Thinking a little out of the box here...
So far, everybody has talked about fragmenting so that you can transfer 1500byte frames over interfaces with an MTU of 1476.
24 bytes are the problem. We could try to compress the packet as a first stage to solving the problem. If we cannot sufficiently compress it, then segment it.
There are a few well know compression schemes that could be used, some generic, so more tailored to network traffic.
V. Jacobson TCP/IP header compression, often used on PPP links: http://tools.ietf.org/html/rfc1144
There is already a kernel implementation of this which might be reusable. It may also be possible to extend the scheme to compress part of the original ethernet header.
There is a more generic header compression scheme: http://tools.ietf.org/html/rfc3095
The advantage of this is that it can compress more than just TCP/IP and is decoupled from PPP.
Then there is the more traditional compression schemes, eg LZO etc.
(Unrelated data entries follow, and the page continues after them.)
(* Let $p<q$ be coprime positive integers. Define $\mu:\mathbb Z^3\to\mathbb Z^3$ by $\mu(d_0,d_1,d_j)=(d_0-pd_1+qd_j,\;d_1-d_j,\;pd_1-qd_j)$, let $\Lambda=\mu(\mathbb Z_{\ge0}^3)$, and for $(n,c)\in\mathbb Z^2$ such that $(n,c,\omega)\in\Lambda$ for some $\omega$, let $\omega_{(n,c)}=\min\{\omega\in\mathbb Z:(n,c,\omega)\in\Lambda\}$. Then for every $(n,c,\omega)\in\Lambda$, one has $n+\omega<q-p$ if and only if $\omega=\omega_{(n,c)}$.
   Context: The minimum $\omega_{(n,c)}$ exists whenever the set is nonempty (for $(d_0,d_1,d_j)\in\mathbb Z_{\ge 0}^3$ with $\mu(d_0,d_1,d_j)=(n,c,\omega)$ one has $d_0=n+\omega\ge0$). Here $\mu$ records, for a monomial $X_0^{d_0}X_1^{d_1}X_j^{d_j}$ in $\mathbb C[X_0,X_1,X_j]$ ($j\in\{3,4\}$), its $\mathbb C^*$-weight $n$, the difference $c=d_1-d_j$ and an auxiliary weight $\omega$. *)

theory Defs
  imports Main
begin

definition mu :: "int \<Rightarrow> int \<Rightarrow> int \<times> int \<times> int \<Rightarrow> int \<times> int \<times> int" where
  "mu p q = (\<lambda>(d0, d1, dj). (d0 - p * d1 + q * dj, d1 - dj, p * d1 - q * dj))"

definition Lambda :: "int \<Rightarrow> int \<Rightarrow> (int \<times> int \<times> int) set" where
  "Lambda p q = mu p q ` {(d0, d1, dj). 0 \<le> d0 \<and> 0 \<le> d1 \<and> 0 \<le> dj}"

text \<open>omega_(n,c) = min of omega with (n,c,omega) in Lambda (meaningful when nonempty).\<close>
definition omega_min :: "int \<Rightarrow> int \<Rightarrow> int \<Rightarrow> int \<Rightarrow> int" where
  "omega_min p q n c = (LEAST w. (n, c, w) \<in> Lambda p q)"

end

theory Submission
  imports Defs
begin

text \<open>
  Over a fixed pair \<open>(n, c)\<close>, eliminating \<open>d\<^sub>1 = d\<^sub>j + c\<close> shows that the weights occurring
  in \<open>\<Lambda>\<close> are \<open>\<omega> = p c - (q - p) d\<^sub>j\<close> with \<open>d\<^sub>j \<ge> max 0 (-c)\<close> and \<open>n + \<omega> \<ge> 0\<close>: an
  arithmetic progression of step \<open>q - p\<close> that descends until \<open>n + \<omega>\<close> would become negative.
  Its least element is therefore the unique one with \<open>0 \<le> n + \<omega> < q - p\<close>.
\<close>

lemma Lambda_iff:
  "(n, c, w) \<in> Lambda p q \<longleftrightarrow>
     (\<exists>d1 dj. 0 \<le> n + w \<and> 0 \<le> d1 \<and> 0 \<le> dj \<and> c = d1 - dj \<and> w = p * d1 - q * dj)"
proof
  assume "(n, c, w) \<in> Lambda p q"
  then show "\<exists>d1 dj. 0 \<le> n + w \<and> 0 \<le> d1 \<and> 0 \<le> dj \<and> c = d1 - dj \<and> w = p * d1 - q * dj"
    unfolding Lambda_def mu_def by auto
next
  assume "\<exists>d1 dj. 0 \<le> n + w \<and> 0 \<le> d1 \<and> 0 \<le> dj \<and> c = d1 - dj \<and> w = p * d1 - q * dj"
  then obtain d1 dj where "0 \<le> n + w" "0 \<le> d1" "0 \<le> dj" "c = d1 - dj" "w = p * d1 - q * dj"
    by blast
  then have "mu p q (n + w, d1, dj) = (n, c, w)" and "0 \<le> n + w \<and> 0 \<le> d1 \<and> 0 \<le> dj"
    unfolding mu_def by simp_all
  then show "(n, c, w) \<in> Lambda p q"
    unfolding Lambda_def by (metis (mono_tags, lifting) case_prod_conv image_eqI mem_Collect_eq)
qed

lemma Lambda_weight_lower_bound:
  "(n, c, w) \<in> Lambda p q \<Longrightarrow> 0 \<le> n + w"
  by (auto simp: Lambda_iff)

lemma Lambda_step_down:
  assumes "(n, c, w) \<in> Lambda p q" and "0 \<le> k" and "0 \<le> n + w - (q - p) * k"
  shows "(n, c, w - (q - p) * k) \<in> Lambda p q"
proof -
  obtain d1 dj where "0 \<le> d1" "0 \<le> dj" "c = d1 - dj" "w = p * d1 - q * dj"
    using assms(1) by (auto simp: Lambda_iff)
  then have "c = (d1 + k) - (dj + k)" and "w - (q - p) * k = p * (d1 + k) - q * (dj + k)"
    by (simp_all add: algebra_simps)
  moreover have "0 \<le> n + (w - (q - p) * k)" "0 \<le> d1 + k" "0 \<le> dj + k"
    using \<open>0 \<le> d1\<close> \<open>0 \<le> dj\<close> assms(2,3) by simp_all
  ultimately show ?thesis
    unfolding Lambda_iff by blast
qed

lemma Lambda_fibre_dvd:
  assumes "(n, c, w) \<in> Lambda p q" and "(n, c, w') \<in> Lambda p q"
  shows "(q - p) dvd (w' - w)"
proof -
  obtain d1 dj where "c = d1 - dj" "w = p * d1 - q * dj"
    using assms(1) by (auto simp: Lambda_iff)
  moreover obtain e1 ej where "c = e1 - ej" "w' = p * e1 - q * ej"
    using assms(2) by (auto simp: Lambda_iff)
  ultimately have "w' - w = (q - p) * (dj - ej)"
    by algebra
  then show ?thesis by simp
qed

lemma Lambda_fibre_minimal:
  assumes "p < q" and "(n, c, w) \<in> Lambda p q" and "(n, c, w') \<in> Lambda p q"
    and "n + w < q - p"
  shows "w \<le> w'"
proof -
  obtain k where k: "w' - w = (q - p) * k"
    using Lambda_fibre_dvd[OF assms(2,3)] by blast
  have "(q - p) * (-1) < (q - p) * k"
    using k Lambda_weight_lower_bound[OF assms(3)] assms(4) by simp
  then have "-1 < k"
    by (rule mult_left_less_imp_less) (use assms(1) in simp)
  then have "0 \<le> (q - p) * k"
    using assms(1) by simp
  with k show ?thesis by simp
qed

lemma omega_min_eqI:
  assumes "p < q" and "(n, c, w) \<in> Lambda p q" and "n + w < q - p"
  shows "omega_min p q n c = w"
  unfolding omega_min_def
  by (rule Least_equality) (use assms Lambda_fibre_minimal in auto)

lemma Lambda_fibre_reduce:
  assumes "p < q" and "(n, c, w) \<in> Lambda p q"
  obtains k where "(n, c, w - (q - p) * k) \<in> Lambda p q"
    and "n + (w - (q - p) * k) = (n + w) mod (q - p)"
proof -
  let ?k = "(n + w) div (q - p)"
  have "0 \<le> ?k"
    using assms Lambda_weight_lower_bound[OF assms(2)] by (simp add: pos_imp_zdiv_nonneg_iff)
  have eq: "n + (w - (q - p) * ?k) = (n + w) mod (q - p)"
    by (simp add: minus_div_mult_eq_mod[symmetric] algebra_simps)
  have "0 \<le> n + w - (q - p) * ?k"
    using eq pos_mod_sign[of "q - p" "n + w"] assms(1) by linarith
  then have "(n, c, w - (q - p) * ?k) \<in> Lambda p q"
    by (rule Lambda_step_down[OF assms(2) \<open>0 \<le> ?k\<close>])
  then show ?thesis using eq by (rule that)
qed

theorem lemma4p15:
  fixes p q n c w :: int
  assumes "0 < p" and "p < q" and "coprime p q"
    and "(n, c, w) \<in> Lambda p q"
  shows "n + w < q - p \<longleftrightarrow> w = omega_min p q n c"
proof
  assume "n + w < q - p"
  then show "w = omega_min p q n c"
    using omega_min_eqI assms(2,4) by simp
next
  assume w_min: "w = omega_min p q n c"
  obtain k where k: "(n, c, w - (q - p) * k) \<in> Lambda p q"
    and reduced: "n + (w - (q - p) * k) = (n + w) mod (q - p)"
    using Lambda_fibre_reduce[OF assms(2,4)] by blast
  have reduced_lt: "n + (w - (q - p) * k) < q - p"
    using reduced assms(2) by simp
  then have "w - (q - p) * k = w"
    using omega_min_eqI[OF assms(2) k] w_min by simp
  with reduced_lt show "n + w < q - p" by simp
qed

end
There are a few academic papers available looking at this subject. The disadvantage of trying to compress the packet data is often it is already compressed, eg images. Or it is https traffic which makes it harder to compress.
I would tend more towards header compression. It requires a lot less CPU usage then data compression and should provide the 24 bytes of compression we need most of the time. However, as i said at the beginning, we need to be able to fall back to segmentation when it does not work, or has to send full header information in order to establish the compression tables.